There are so many interesting responses here. I find I relate to parts of each post.
Cooking is my creative outlet and when time allows, there is nothing more pleasurable to me than devising and cooking a lovely meal. It is then that I am feeding my soul and nurturing others.
At other times I cook to get the job done. When pressure, time constraints and other people's will are involved I won't be so delighted to be working my *** off but I have adapted to also getting pleasure from doing my job well in situations that are difficult.
That's where I think the part about doing it for yourself 'first' can come in: against all odds, swamped with orders, there is a little seed in you that makes you do things beautifully, even if you could get away with a lot less.
Maybe it's just ego or pride... but a lot of diners rely on that little seed to get a good meal.


----------



## chef1x (Dec 4, 2002)

Yes Yes Yessss, the "little seed'"

that's what I'm talkin' about

Thanks for saying that.
1X


----------



## kuan (Jun 11, 2001)

I can't think of any other reason. Others may benefit greatly from what I do, but ultimately I don't do it for anyone else. I do plenty of other things for people other than myself. What can I say?!?

Kuan


----------



## chef1x (Dec 4, 2002)

Why, you souless cooking machine bast**d, no wonder you moved to Minnesota


----------



## kuan (Jun 11, 2001)

Lutefisk baby... lutefisk!!   That and the lovely weather!

Kuan


----------



## greg (Dec 8, 1999)

Lutefisk? Make that soul-less and depraved.


----------



## cape chef (Jul 31, 2000)

Do they serve a lot of Norwiegen food in lukefisk?!?!


----------



## chef1x (Dec 4, 2002)

What the heck?

Man, you are waaayyyy out there.

I've heard there's even books about it.

Ya, I guess if I had to deal with lutefisk I'd be cooking ONLY for MYSELF as well.....


----------



## ironchefatl (Dec 1, 2002)

I would like to clarify that I never said I only do it for myself. This was really nice to read though. It shows what good people you all must be, and folks that really aspire to be great at what they do. All these posts, as I would believe you would agree, I can relate too. All your posts saved me alot of time. I could have written all that myself. What's funny is that we were very busy tonight, which doesn't happen often. When the servers would tell Rigo, the other cook, and mself good job. I replied we do it for you. That's wierd. I do do it for everyone around me including diners, but absolutely have to feel I've done my best, or else I would need another apartment so I wouldn'thave to live with myself.


----------



## kuan (Jun 11, 2001)

There's a whole culture surrounding lutefisk here. There's lutefisk get togethers, lutefisk festivals, lutefisk demos at supermarkets, lutefisk sculpture, you name it! It's a social thing, but you know, ask anyone who loves lutefisk and they'll tell you they only eat it once a year!

Kuan


----------



## chef1x (Dec 4, 2002)

Uh, hnhhh,

Yeah, sure Kuan, a "CULTURE." 

More like cult, I should think.

I suppose the lute tell you to cook for yourself.....

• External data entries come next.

(* Fix a set $\mathfrak{p}$ of points. (a) If $(\mathfrak{p},\mathfrak{L})$ is a linear space, then the cograph $\mathcal{C}$ on $\mathfrak{p}$ defined by letting $\mathcal{C}(P,Q)$ be the unique line of $\mathfrak{L}$ containing $P$ and $Q$ is a PL-cograph. (b) If $\mathcal{C}$ is a PL-cograph on $\mathfrak{p}$, then letting, for each pair of distinct points $P,Q$, the line through $P$ and $Q$ be the set of all endpoints of all pairs $\{R,S\}$ with $\mathcal{C}(R,S)=\mathcal{C}(P,Q)$, yields a well-defined linear space on $\mathfrak{p}$. (c) These two constructions are mutually inverse (PL-cographs being considered up to renaming of edge values), so linear spaces on $\mathfrak{p}$ and PL-cographs on $\mathfrak{p}$ are in one-to-one correspondence.
   Context: A cograph is a function $\mathcal{C}$ assigning to each unordered pair $\{P,Q\}$ of distinct elements of a set of points a value $\mathcal{C}(P,Q)$ (an edge). A PL-cograph is a cograph satisfying: (1) for distinct points $P,Q,R$, if $\mathcal{C}(P,Q)=\mathcal{C}(Q,R)$ then $\mathcal{C}(P,Q)=\mathcal{C}(P,R)$; (2) for distinct points $P,Q,R,S$, if $\mathcal{C}(P,Q)=\mathcal{C}(R,S)$ then $\mathcal{C}(P,Q)=\mathcal{C}(P,R)=\mathcal{C}(P,S)=\mathcal{C}(Q,R)=\mathcal{C}(Q,S)$. A linear space $(\mathfrak{p},\mathfrak{L})$ consists of a set $\mathfrak{p}$ of points and a set $\mathfrak{L}$ of lines, each line a subset of $\mathfrak{p}$, such that any two distinct points belong to exactly one line and every line has at least two points. *)

theory Defs
  imports Main
begin

text \<open>Unordered pairs of distinct points of p; a cograph on p is a function
  from such pairs to edge values, modelled as a function on 2-element sets.\<close>
definition edges :: "'a set \<Rightarrow> 'a set set" where
  "edges p = {{P, Q} | P Q. P \<in> p \<and> Q \<in> p \<and> P \<noteq> Q}"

People, this is what happens when you move to those more "remote" areas   

Lutefish is Cod????

Wackos.....


----------



## greg (Dec 8, 1999)

_Was_ cod would be the proper tense to use. It's cod cured in lye.


----------



## kuan (Jun 11, 2001)

You "bring it back" by boiling the piss out of it!

Kuan


----------



## shroomgirl (Aug 11, 2000)

So that's the secret ingrediant to the sauce.....and I thought Cajuns ate interesting food way out on the Bayou.


----------



## panini (Jul 28, 2001)

Hello, The Italians have one extra sense, it's used to detect dried cod. I'm thinking my first solid food meal had it in it somewhere.


----------



## chef1x (Dec 4, 2002)

I know this is not a widely used culinary term, but: * EWWWWW!!*

Oh, BTW Kuan, I just spoke to my cousin today who just HAPPENS to live in MI and whose husband is from there:

NEVER EVER heard of "lutefisk." And he is Dutch.

So I can only can conclude that this is indeed just a sick fantasy/cult thing that some people are into.......


----------



## kuan (Jun 11, 2001)

Ahem.. That would be Minnesota, MN! It's not a dutch thing, it's a Scandinavian thing. 

Kuan


----------



## chef1x (Dec 4, 2002)

Awww, it's all the same, michigan, wisconsin, minnesota, dutchland, finland, sweden... 
Thanks for setting me straight....


----------



## chef1x (Dec 4, 2002)

Thought you guys might want to see this regarding your lutefisk fantasies.....I still don't beleive it.

http://www.nytimes.com/2002/12/25/na...partner=excite


----------



## phoebe (Jul 3, 2002)

Thanks for the informative link, chef1x.

Sounds mighty tasty to me . . . NOT! 

Forget about insects and innards; now lutefisk would be a true challenge. Where is Tony Bourdain when you need him? :smoking:


----------



## kuan (Jun 11, 2001)

OK I read that link 1x.  Don't feel bad, sometimes I don't make it back to the threads. Everyone should try lutefisk, if only to remind themselves how lucky they are!

Kuan


----------



## chef1x (Dec 4, 2002)

sniffle, o.k., thanks kuan.

And just for saying that I'm gonna say this: I do it for myself


----------



## shroomgirl (Aug 11, 2000)

why else would anyone eat lutefisk? A dare?


----------



## kuan (Jun 11, 2001)

As punishment.

Kuan


----------